Although many hunters put out trail cameras just before and during hunting season, the outdoorsmen who place their cameras in the summer will pattern deer better and can set up a shot list of the deer they want to hunt during the upcoming deer season.

“Research also has shown that during the late summer period, you don’t photograph as high a percentage of individual does as you do bucks for two reasons,” Murphy says. “During the summer months, since bucks feed very heavily to store fat, you’ll see them more. Does are relatively secretive during this time of year because they still have young fawns with them that may not be more than a month or so old. If you use cameras in late summer or early fall, only expect to capture 70 to 80 percent of the does on the property with the cameras. Take this factor into account when figuring ratios. However, you can determine fairly accurately the sex ratio of bucks to does on any piece of property by factoring the two percentages when you use a motion-sensor camera for deer management on your property.” 

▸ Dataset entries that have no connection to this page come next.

(* Let $k\ge 0$ and $n,m>0$ be integers and let $P\in T_{n,k,m}$. Then $$\mathrm{word}(\phi'_{n,k,m}(P))=\mathrm{flip}\circ\mathrm{rev}\circ\mathrm{sw}^-_{1,-m}\circ\mathrm{rev}\circ\mathrm{flip}(\mathrm{word}(P)).$$
   Context: Words over $\{\mathrm{N},\mathrm{E}\}$ are identified with lattice paths from $(0,0)$ (N = unit north step, E = unit east step); $\mathrm{word}(P)$ is the word of a path $P$. $\mathrm{rev}(w_1\cdots w_n)=w_n\cdots w_1$, and $\mathrm{flip}$ interchanges the letters $\mathrm{N}$ and $\mathrm{E}$. For integers $r,s$, the levels of a word $w=w_1\cdots w_n$ are $l_0=0$, $l_i=l_{i-1}+r$ if $w_i=\mathrm{N}$, $l_i=l_{i-1}+s$ if $w_i=\mathrm{E}$ (so $l_i=ry+sx$ where $(x,y)$ is the endpoint of step $i$). The sweep map $\mathrm{sw}^-_{r,s}(w)$ is obtained by: for $k=-1,-2,-3,\ldots$ and then $k=\ldots,3,2,1,0$ (all negative values in decreasing order, then all nonnegative values in decreasing order), scan $w$ from right to left and append each letter $w_i$ ($i\ge1$) with $l_i=k$. $T_{n,k,m}$ is the set of lattice paths from $(0,0)$ to $(k+mn,n)$ with unit north and east steps that never go strictly to the right of the line $x=k+my$. For $P\in T_{n,k,m}$ its area vector is $g(P)=(g_0,\ldots,g_{n-1})$, where $g_i$ is the number of complete unit lattice squares in the strip $\{(x,y):x\ge0,\ i\le y\le i+1\}$ lying to the right of $P$ and to the left of the line $x=k+my$. For each integer $i\ge 0$, let $z^{(i)}$ be the subsequence of $g(P)$ consisting of the entries lying in $\{i,i-1,\ldots,i-m\}$, let $M$ be the largest $i$ with $z^{(i)}$ nonempty, and let $\sigma^{(i)}\in\{\mathrm{N},\mathrm{E}\}^*$ be obtained from $z^{(i)}$ by replacing each entry equal to $i$ by $\mathrm{N}$ and every other entry by $\mathrm{E}$. For $k<i\le M$, $\sigma^{(i)}$ begins with $\mathrm{E}$; write $\sigma^{(i)}=\mathrm{E}\tilde\sigma^{(i)}$. Set $\tau^{(i)}=\mathrm{rev}(\sigma^{(i)})$ for $0\le i\le k$, $\tau^{(i)}=\mathrm{E}\,\mathrm{rev}(\tilde\sigma^{(i)})$ for $k<i\le M$, and $\tau^{(i)}$ empty for $i>M$. Define $$\tau=\tau^{(0)}\,\mathrm{E}\tau^{(1)}\,\mathrm{E}\tau^{(2)}\cdots\mathrm{E}\tau^{(k)}\,\tau^{(k+1)}\cdots\tau^{(M)}$$ (exactly $k$ inserted letters $\mathrm{E}$, preceding $\tau^{(1)},\ldots,\tau^{(k)}$), and let $\phi'_{n,k,m}(P)$ be the lattice path with word $\tau$. *)

theory Defs
  imports Main
begin

text \<open>Letters N (unit north step) and E (unit east step); a lattice path from (0,0)
  is identified with its word.\<close>
datatype step = N | E

definition flip :: "step list \<Rightarrow> step list" where
  "flip w = map (\<lambda>c. if c = N then E else N) w"

definition cntN :: "step list \<Rightarrow> nat" where
  "cntN w = length (filter (\<lambda>c. c = N) w)"

definition cntE :: "step list \<Rightarrow> nat" where
  "cntE w = length (filter (\<lambda>c. c = E) w)"

definition level :: "int \<Rightarrow> int \<Rightarrow> step list \<Rightarrow> nat \<Rightarrow> int" where
  "level r s w i = r * int (cntN (take i w)) + s * int (cntE (take i w))"

definition letters_at :: "int \<Rightarrow> int \<Rightarrow> step list \<Rightarrow> int \<Rightarrow> step list" where
  "letters_at r s w lv = rev [w ! j. j \<leftarrow> [0..<length w], level r s w (j + 1) = lv]"

text \<open>Sweep map sw^-_{r,s}: levels -1,-2,-3,... and then ...,2,1,0.  All levels lie in
  [-B, B] with B = length w * (|r|+|s|); levels outside the actual range contribute nothing.\<close>
definition sweep_minus :: "int \<Rightarrow> int \<Rightarrow> step list \<Rightarrow> step list" where
  "sweep_minus r s w =
     (let B = int (length w) * (\<bar>r\<bar> + \<bar>s\<bar>) in
      concat (map (letters_at r s w) (rev [-B..-1] @ rev [0..B])))"

definition T :: "nat \<Rightarrow> nat \<Rightarrow> nat \<Rightarrow> step list set" where
  "T n k m = {w. cntN w = n \<and> cntE w = k + m * n \<and>
      (\<forall>i \<le> length w. cntE (take i w) \<le> k + m * cntN (take i w))}"

text \<open>Position (0-based) in w of the (i+1)-st north step.\<close>
definition posN :: "step list \<Rightarrow> nat \<Rightarrow> nat" where
  "posN w i = [j \<leftarrow> [0..<length w]. w ! j = N] ! i"

text \<open>Area vector: g_i = (k + m i) - (x-coordinate of the (i+1)-st north step), the number of
  full unit squares in the strip i \<le> y \<le> i+1 between the path and the line x = k + m y.\<close>
definition area_vec :: "nat \<Rightarrow> nat \<Rightarrow> nat \<Rightarrow> step list \<Rightarrow> int list" where
  "area_vec n k m w = [int k + int m * int i - int (cntE (take (posN w i) w)). i \<leftarrow> [0..<n]]"

definition zseq :: "nat \<Rightarrow> int list \<Rightarrow> nat \<Rightarrow> int list" where
  "zseq m g i = filter (\<lambda>x. int i - int m \<le> x \<and> x \<le> int i) g"

definition sigma :: "nat \<Rightarrow> int list \<Rightarrow> nat \<Rightarrow> step list" where
  "sigma m g i = map (\<lambda>x. if x = int i then N else E) (zseq m g i)"

definition Mtop :: "nat \<Rightarrow> int list \<Rightarrow> nat" where
  "Mtop m g = Max {i. zseq m g i \<noteq> []}"

text \<open>tau^(i); for k < i \<le> M, sigma^(i) = E sigma~^(i), i.e. sigma~^(i) = tl sigma^(i).\<close>
definition tau :: "nat \<Rightarrow> nat \<Rightarrow> int list \<Rightarrow> nat \<Rightarrow> step list" where
  "tau k m g i =
     (if i \<le> k then rev (sigma m g i)
      else if i \<le> Mtop m g then E # rev (tl (sigma m g i))
      else [])"

definition phi' :: "nat \<Rightarrow> nat \<Rightarrow> nat \<Rightarrow> step list \<Rightarrow> step list" where
  "phi' n k m w =
     (let g = area_vec n k m w in
        tau k m g 0
        @ concat (map (\<lambda>i. E # tau k m g i) [1..<k + 1])
        @ concat (map (\<lambda>i. tau k m g i) [k + 1..<Mtop m g + 1]))"

end

theory Submission
  imports Defs
begin

text \<open>Record, before each step of P, its height k + m #N - #E, the horizontal distance from the
  current point to the line x = k + m y: it starts at k, rises by m at N, falls by 1 at E, ends
  at 0 and stays within [0, |P|]. For (r, s) = (1, -m) the levels of rev (flip P) are these heights
  read backwards, so the right-hand side lists, for i = 0, 1, 2, ..., the letters of P that leave
  height i, and the area vector lists the heights of the north steps of P. Among the letters
  leaving height i, each N is a north step from height i, and the E steps match in order the
  north steps from heights in [i - m, i) that jumped over i. So these letters, preceded by an E when
  k < i, spell \<sigma>^(i) followed by an E when 0 < i.\<close>

lemma concat_map_if_singleton:
  "concat (map (\<lambda>x. if P x then [f x] else []) xs) = map f (filter P xs)"
  by (induction xs) auto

According to Murphy, a realistic adult-sex ratio of bucks-to-does should only include the number of racked bucks to the number of adult does that are at least 1.5 years old. Having one to two adult does per buck on the property is an obtainable, realistic ratio. Quality deer management of your herd is achieved if you can reach and maintain that sex ratio. Your sex ratio is out of proportion if you have three to four adult does per adult buck. Then, you need to consider the possibility of removing some of the adult does from the herd.

Many monster bucks like this one will only be spotted on trail cameras in the summer or after dark.

 

Hit and Protect Lists

“In my opinion setting up a hit list and a protect list is one of the most exciting and fun deer management practices,” Murphy emphasizes. “If you do a deer census before hunting season, you can choose the bucks you or members of your hunting lease want to harvest. Once you’ve selected the photographs of the bucks you want to take, you can create a mug shot catalogue of the bucks for each of the members. The bucks you’ve chosen to harvest are on the hit list. The bucks you want to let grow and reproduce another year are on the protected list.” 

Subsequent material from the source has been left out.